3.1 Relax NG Overview

The Relax NG language was chosen for this re-engineering effort because of its decreased positional sensitivity and its greater flexibility in modularization (from fine-grained modular to monolithic), as well as unification of human-readable (``Content Models") and machine-readable (XSD/XML) versions. These benefits are achieved through unique features of the Relax NG schema language , including the notAllowed reserved word to create abstract patterns, definitions with combine attributes (=, &= in the compact syntax) to merge definitions that are decomposed across modules, and the interleave operator & (a generalization of the xsd:all group) to create order-insensitive content models. Because Relax NG is theoretically grounded in hedge automaton theory, modularization is always possible since regular hedge languages are closed under the operations of intersection, union and complement (see Murata 1998).

3.2 Relax NG Features

  • Relax NG has capabilities for redefinition, specialization and generalization that allow orthogonalization at a fine-grained level of modularity.
    • Modularity in Relax NG is enabled through two different mechanisms; "external" for referencing a single component defined in another schema, and "include" for merging entire grammars. The include feature will be most useful to us for implementing orthogonal modularity.
    • There are two ways that definitions may be combined in Relax NG; through the choice combination (symbolized by |) and the interleave combination (symbolized by &). By placing some simple constraints on the way these combinations are used in modules, we may guarantee that including a module generates a superset of the language (expansion module) or a subset of the language (contraction module). This partial-order relation is the basis of the sublanguage lattice discussed above.
  • Relax NG compact syntax (RNC) is similar to [E]BNF, hence can be used to express an executable, and thus testable and maintainable, content model.
  • Software is freely available (see #Tools) which can, from modular XSD or RNC, automatically generate an equivalent monolithic, simplified schema in RNC , which is quite human-readable compared to XSD.
  • Conversely, software is also freely available which can automatically generate an XSD schema that is equivalent or a close approximation to the RNC schema. When approximations are made, the software always generalizes the schema.
  • On the other hand, Relax NG has the ability to construct certain patterns which cannot be expressed directly in XSD.
    • Non-deterministic, context-dependent constraints can be expressed in Relax NG. Currently Schematron is being used in RuleML 0.91 to handle some of these constraints. Using Relax NG may allow a reduced dependence on Schematron.
    • Relax NG has a powerful capability for introducing positional (element order) independence through the interleave (&) symbol. There is no corresponding construction in XSD although a special case can be expressed with xs:all.
    • Relax NG allows ambiguous patterns, which simplifies pattern statements in some cases.
    • User-defined datatype libraries may be imported into Relax NG schemas (normally, XSD Part 2, Datatypes, but it is not restricted to that).
  • Named patterns, similar to XSD groups, allow pattern re-use, providing greater reliability and ease of maintenance.
  • Annotations may be used in Relax NG to provide pre-processing and conversion instructions. This feature works particular well in generating documentation that is transferred into the automatically generated XSD and can then be automatically converted into HTML documentation.
  • The increasing expressivity from DTD to XML Schema (XSD) to Relax NG has been characterized by, respectively, Local, Single-type, and Regular tree grammars (cf. page 13, Figure 2.2, in the PhD Thesis Logics for XML of Pierre Geneves).

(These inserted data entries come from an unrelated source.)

lemma Er_ge_of_subgradient_bound:
  fixes g :: "'a::banach \<Rightarrow> ereal"
  assumes g: "convex_efun g" "lsc_fun g" "\<And>x. g x \<noteq> -\<infinity>" "Sset g \<noteq> {}" and "c > 0"
    and slope: "\<And>u y'. g u > 0 \<Longrightarrow> y' \<in> subdiff g u \<Longrightarrow> c \<le> norm y'"
  shows "ereal c \<le> Er g"
  unfolding Er_def
proof (rule Inf_greatest, clarify)
  fix v assume "g v > 0"
  define d where "d = infdist v (Sset g)"
  have "v \<notin> Sset g"
    using \<open>g v > 0\<close> unfolding Sset_def by auto
  then have "d > 0"
    using in_closed_iff_infdist_zero[OF closed_Sset[OF g(2)] g(4)] infdist_nonneg[of v]
    unfolding d_def by (simp add: order_less_le)
  moreover have "ereal (c * d) \<le> g v"
    unfolding d_def by (rule error_bound_of_subgradient_bound[OF g(1-3) \<open>c > 0\<close> slope \<open>g v > 0\<close>])
  moreover have "dset v (Sset g) = ereal d"
    using g(4) unfolding dset_def d_def by simp
  ultimately show "ereal c \<le> g v / dset v (Sset g)"
    by (cases "g v") (simp_all add: field_simps)
qed

section \<open>Perturbations\<close>

lemma PtbE:
  fixes f :: "'a::real_normed_vector \<Rightarrow> ereal"
  assumes "g \<in> Ptb f \<epsilon>"
  obtains p x \<xi> where "g = (\<lambda>u. f u + ereal (p u))" "convex_on UNIV p" "Sset g \<noteq> {}"
    "f x = 0" "0 \<le> \<xi>" "ereal \<xi> + bd_modulus f - tau f x \<xi> \<bar>p x\<bar> \<le> ereal \<epsilon>"
    "\<And>a b. \<bar>p a - p b\<bar> \<le> \<xi> * norm (a - b)"
proof -
  obtain p x \<xi> where "g = (\<lambda>u. f u + ereal (p u))" "convex_on UNIV p" "Sset g \<noteq> {}"
    "f x = 0" "0 \<le> \<xi>" "ereal \<xi> + bd_modulus f - tau f x \<xi> \<bar>p x\<bar> \<le> ereal \<epsilon>"
    "\<And>u. \<bar>p u - p x\<bar> \<le> \<xi> * norm (u - x)"
    using assms unfolding Ptb_def Seq_def by blast
  then show ?thesis
    using that convex_on_Lipschitz_of_point by blast
qed

context
  fixes f :: "'a::real_normed_vector \<Rightarrow> ereal" and p :: "'a \<Rightarrow> real" and \<xi> :: real
  assumes proper: "\<And>x. f x \<noteq> -\<infinity>"
    and Lipschitz: "\<And>a b. \<bar>p a - p b\<bar> \<le> \<xi> * norm (a - b)" and "0 \<le> \<xi>"
begin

4 Proposed Design Objectives

  • Modular Design: Sublanguages will be assembled from many small, orthogonal components. The assembly takes place in two steps;
    • Assembly of a backbone sublanguage consisting of the smallest set of syntactic components necessary to achieve the necessary classical expressivity, which may range from propositional atoms to full first-order logic (and beyond).
    • Addition of a selection of mix-in modules for syntactic sugar as well as non-classical logical operators, and meta-logic.
  • Alignment with Theory: Alignment with logic and meta-logic theory will be assisted with generous use of named patterns. The named patterns also provide numerous extension points.
  • Two sets of Relax NG Compact Syntax (RNC) RuleML schema will be built:
    • Relaxed-Form RuleML schemas: fully striped (displaying all roles for maximum positional independence), stripe-skipped, or mixed; without canonical element order (e.g., slotted arguments before, between and/or after positional arguments, prefix, infix and/or postfix operators); with attributes explicit, implied, or mixed; and with short or long or internationalized or mixed tag names (tag names should still be 'internationally unique', e.g. avoiding false cognates).
      • The relaxed-form schemas will take advantage of many Relax NG features that cannot be accurately translated into XSD.
      • Context-dependent restrictions will be encoded in the relaxed-form schema to the maximum extent possible.
      • The relaxed-form schema will be normative; that is, a valid RuleML document is defined to be well-formed XML that validates under the relaxed-form schema for a particular sublanguage.
    • Normal-form RuleML schemas: fully striped (all roles are displayed); with canonical element order (e.g., slotted after positional arguments only, prefix operators); with all attributes having default values explicit; and with short tag names only.
      • Normal-form schemas will use the same backbone language, a subset of the expansion modules and a superset of the restriction modules (if any) from the corresponding relaxed-form schema, guaranteeing that the normal-form serialization is contained in the relaxed-form serialization.
      • Normal-form schemas are intended to be converted as accurately as possible into XSD.
  • One set of normal-form RuleML XSD schema will be automatically generated from the corresponding RNC schemas using Trang and minor post-processing.
    • The XSD schemas can be used in the normalidation pipeline.
    • The XSD schemas must be valid according to Saxon-EE, including:
      • the Unique Particle Assumption (UPA). This is more restrictive than a requirement of a deterministic pattern. Note: Saxon-EE is more likely to identify UPA violations than XSV.
      • the Element Declarations Consistent requirement.
      • These constraints are required in XSD, not in Relax NG, which allows non-deterministic and ambiguous patterns.
    • A normal-form RuleML document is defined to be well-formed XML that validates under the XSD normal-form schema for a particular sublanguage.

5 Tools

5.1 Editing Relax NG schemas

  • Relax NG compact syntax can be easily edited in any plain text editor.
  • The oXygen XML Editor is a GUI editor for Relax NG. It is commercial software but provides a low-cost academic license and a 30-day free trial.
  • XMLBlueprint has another GUI editor for Relax NG, and can be purchased for a price similar to the oXygen academic license, and there is a free academic license for teachers and students in an XML course.
  • Stylus Studio] has Relax NG editor support, but not in their Home (Student) edition.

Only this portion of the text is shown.